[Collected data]
-- Opening Marker --
lemma bcomp_bbasis:
  assumes "d1 \<in> bdiags r s" "d2 \<in> bdiags s t"
  shows "bcomp \<delta> r s t (bbasis d2) (bbasis d1) =
    (\<lambda>d. if diag_comp r t d2 d1 = d then \<delta> ^ diag_loops s d2 d1 else 0)"
proof
  fix d
  have "bcomp \<delta> r s t (bbasis d2) (bbasis d1) d =
     (\<Sum>d1'\<in>bdiags r s. \<Sum>d2'\<in>bdiags s t. if d2' = d2 \<and> (d1' = d1 \<and>
        diag_comp r t d2' d1' = d) then \<delta> ^ diag_loops s d2' d1' else 0)"
    unfolding bcomp_def bbasis_def
    by (intro sum.cong refl) simp
  also have "\<dots> = (\<Sum>d1'\<in>bdiags r s.
      if d1' = d1 \<and> diag_comp r t d2 d1' = d then \<delta> ^ diag_loops s d2 d1' else 0)"
    by (simp only: sum_if_eq_conj[OF finite_bdiags assms(2)])
  also have "\<dots> = (if diag_comp r t d2 d1 = d then \<delta> ^ diag_loops s d2 d1 else 0)"
    using assms finite_bdiags by (simp add: sum_if_eq_conj)
  finally show "bcomp \<delta> r s t (bbasis d2) (bbasis d1) d =
    (if diag_comp r t d2 d1 = d then \<delta> ^ diag_loops s d2 d1 else 0)" .
qed

lemma bcomp_bbasis_loopfree:
  assumes "d1 \<in> bdiags r s" "d2 \<in> bdiags s t" "diag_comp r t d2 d1 = D" "diag_loops s d2 d1 = 0"
  shows "bcomp \<delta> r s t (bbasis d2) (bbasis d1) = bbasis D"
  unfolding bcomp_bbasis[OF assms(1,2)] assms(3,4) by (rule ext) (simp add: bbasis_def)

lemma btens_bbasis:
  assumes "d1 \<in> bdiags r1 s1" "d2 \<in> bdiags r2 s2"
  shows "btens r1 s1 r2 s2 (bbasis d1) (bbasis d2) = bbasis (diag_tens r1 s1 d1 d2)"
proof
  fix d
  have "btens r1 s1 r2 s2 (bbasis d1) (bbasis d2) d =
     (\<Sum>d1'\<in>bdiags r1 s1. \<Sum>d2'\<in>bdiags r2 s2. if d2' = d2 \<and> (d1' = d1 \<and>
        diag_tens r1 s1 d1' d2' = d) then 1 else 0)"
    unfolding btens_def bbasis_def
    by (intro sum.cong refl) simp
  also have "\<dots> = (\<Sum>d1'\<in>bdiags r1 s1. if d1' = d1 \<and> diag_tens r1 s1 d1' d2 = d then 1 else 0)"
    by (simp only: sum_if_eq_conj[OF finite_bdiags assms(2)])
  also have "\<dots> = bbasis (diag_tens r1 s1 d1 d2) d"
    using assms finite_bdiags by (auto simp: sum_if_eq_conj bbasis_def)
  finally show "btens r1 s1 r2 s2 (bbasis d1) (bbasis d2) d = bbasis (diag_tens r1 s1 d1 d2) d" .
qed

text \<open>To compute a composite of two concrete diagrams, one guesses the connected components of
  the glued graph, each given as a path listed in \<open>cs\<close>; a point is then labelled by the first
  point of the path through it.\<close>

definition comp_rep :: "'a list list \<Rightarrow> 'a \<Rightarrow> 'a" where
  "comp_rep cs a = (case find (\<lambda>c. a \<in> set c) cs of Some c \<Rightarrow> hd c | None \<Rightarrow> a)"

lemma successively_rtrancl:
  "successively (\<lambda>x y. (x, y) \<in> R) (x # xs) \<Longrightarrow> y \<in> set (x # xs) \<Longrightarrow> (x, y) \<in> R\<^sup>*"
proof (induction xs arbitrary: x)
  case Nil then show ?case by simp
next
  case (Cons z zs)
  then show ?case
    by (auto intro: converse_rtrancl_into_rtrancl)
qed

lemma rtrancl_comp_rep:
  assumes "sym R" "\<forall>c\<in>set cs. c \<noteq> [] \<and> successively (\<lambda>x y. (x, y) \<in> R) c"
  shows "(a, comp_rep cs a) \<in> R\<^sup>*"
proof (cases "find (\<lambda>c. a \<in> set c) cs")
  case None then show ?thesis by (simp add: comp_rep_def)
next
  case (Some c)
  then have c: "c \<in> set cs" "a \<in> set c"
    by (auto simp: find_Some_iff)
  then obtain x xs where cx: "c = x # xs" using assms(2) by (meson list.exhaust)
  with c assms have "(x, a) \<in> R\<^sup>*" by (auto intro: successively_rtrancl)
  then have "(a, x) \<in> R\<^sup>*"
    using sym_rtrancl[OF assms(1)] by (rule symD[rotated])
  then show ?thesis using Some cx by (simp add: comp_rep_def)
qed

lemma rtrancl_eq_same_comp_rep:
  assumes "sym R" "\<forall>c\<in>set cs. c \<noteq> [] \<and> successively (\<lambda>x y. (x, y) \<in> R) c"
    "\<forall>(a, b)\<in>R. comp_rep cs a = comp_rep cs b"
  shows "R\<^sup>* = {(a, b). comp_rep cs a = comp_rep cs b}"
proof
  show "R\<^sup>* \<subseteq> {(a, b). comp_rep cs a = comp_rep cs b}"
  proof clarify
    fix a b assume "(a, b) \<in> R\<^sup>*"
    then show "comp_rep cs a = comp_rep cs b"
      by (induction rule: rtrancl_induct) (use assms(3) in auto)
  qed
next
  show "{(a, b). comp_rep cs a = comp_rep cs b} \<subseteq> R\<^sup>*"
  proof clarify
    fix a b assume e: "comp_rep cs a = comp_rep cs b"
    have 1: "(a, comp_rep cs a) \<in> R\<^sup>*" by (rule rtrancl_comp_rep[OF assms(1,2)])
    have "(b, comp_rep cs b) \<in> R\<^sup>*" by (rule rtrancl_comp_rep[OF assms(1,2)])
    then have 2: "(comp_rep cs b, b) \<in> R\<^sup>*"
      using sym_rtrancl[OF assms(1)] by (rule symD[rotated])
    show "(a, b) \<in> R\<^sup>*" using rtrancl_trans[OF 1[unfolded e] 2] .
  qed
qed

lemma sym_map_prod_image: "sym d \<Longrightarrow> sym (map_prod f f ` d)"
  by (auto simp: sym_def)

lemma glue_rel_eq_same_comp_rep:
  assumes "d1 \<in> bdiags r s" "d2 \<in> bdiags s t"
    and "\<forall>c\<in>set cs. c \<noteq> [] \<and> successively (\<lambda>x y. (x, y) \<in>
           map_prod lift_lo lift_lo ` d1 \<union> map_prod lift_hi lift_hi ` d2) c"
    and "\<forall>(a, b)\<in>map_prod lift_lo lift_lo ` d1 \<union> map_prod lift_hi lift_hi ` d2.
           comp_rep cs a = comp_rep cs b"
  shows "glue_rel d2 d1 = {(a, b). comp_rep cs a = comp_rep cs b}"
proof -
  have "sym d1" "sym d2" using assms(1,2) by (auto simp: bdiags_def brauer_diag_def)
  then have "sym (map_prod lift_lo lift_lo ` d1 \<union> map_prod lift_hi lift_hi ` d2)"
    by (intro sym_Un sym_map_prod_image)
  then show ?thesis unfolding glue_rel_def using assms(3,4) by (rule rtrancl_eq_same_comp_rep)
qed

lemma diag_loops_eq_0:
  assumes g: "glue_rel d2 d1 = {(a, b). comp_rep cs a = comp_rep cs b}"
    and h: "\<forall>j<s. fst (comp_rep cs (1, j)) \<noteq> 1 \<and> comp_rep cs (comp_rep cs (1, j)) = comp_rep cs (1, j)"
  shows "diag_loops s d2 d1 = 0"
proof -
  have no_loop: "\<not> glue_rel d2 d1 `` {(1, j)} \<subseteq> {(1, j') | j'. j' < s}" if j: "j < s" for j
  proof
    assume sub: "glue_rel d2 d1 `` {(1, j)} \<subseteq> {(1, j') | j'. j' < s}"
    have "comp_rep cs (comp_rep cs (1, j)) = comp_rep cs (1, j)" using h j by blast
    then have "comp_rep cs (1, j) \<in> glue_rel d2 d1 `` {(1, j)}" unfolding g by simp
    with sub have "fst (comp_rep cs (1, j)) = 1" by auto
    with h j show False by blast
  qed
  have "{glue_rel d2 d1 `` {(1, j)} | j. j < s
      \<and> glue_rel d2 d1 `` {(1, j)} \<subseteq> {(1, j') | j'. j' < s}} = {}"
    using no_loop by (simp only: Collect_empty_eq) blast
  then show ?thesis unfolding diag_loops_def by (simp only: card.empty)
qed

lemma diag_comp_eq_filter:
  assumes "glue_rel d2 d1 = {(a, b). comp_rep cs a = comp_rep cs b}"
  shows "diag_comp r t d2 d1 =
    set (filter (\<lambda>(p, q). p \<noteq> q \<and> comp_rep cs (lift_ext p) = comp_rep cs (lift_ext q))
      (List.product (map Inl [0..<r] @ map Inr [0..<t]) (map Inl [0..<r] @ map Inr [0..<t])))"
proof -
  have "bpts r t = set (map Inl [0..<r] @ map Inr [0..<t])"
    by (auto simp: bpts_def)
  then show ?thesis
    unfolding diag_comp_def assms by auto
qed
-- Closing Marker --
* Instructions for the task
Give an exact copy of the lines above, from the top of the records to the line that contains "using assms finite_bdiags by (simp", taking in both ends.

* Expected answer
lemma bcomp_bbasis:
  assumes "d1 \<in> bdiags r s" "d2 \<in> bdiags s t"
  shows "bcomp \<delta> r s t (bbasis d2) (bbasis d1) =
    (\<lambda>d. if diag_comp r t d2 d1 = d then \<delta> ^ diag_loops s d2 d1 else 0)"
proof
  fix d
  have "bcomp \<delta> r s t (bbasis d2) (bbasis d1) d =
     (\<Sum>d1'\<in>bdiags r s. \<Sum>d2'\<in>bdiags s t. if d2' = d2 \<and> (d1' = d1 \<and>
        diag_comp r t d2' d1' = d) then \<delta> ^ diag_loops s d2' d1' else 0)"
    unfolding bcomp_def bbasis_def
    by (intro sum.cong refl) simp
  also have "\<dots> = (\<Sum>d1'\<in>bdiags r s.
      if d1' = d1 \<and> diag_comp r t d2 d1' = d then \<delta> ^ diag_loops s d2 d1' else 0)"
    by (simp only: sum_if_eq_conj[OF finite_bdiags assms(2)])
  also have "\<dots> = (if diag_comp r t d2 d1 = d then \<delta> ^ diag_loops s d2 d1 else 0)"
    using assms finite_bdiags by (simp add: sum_if_eq_conj)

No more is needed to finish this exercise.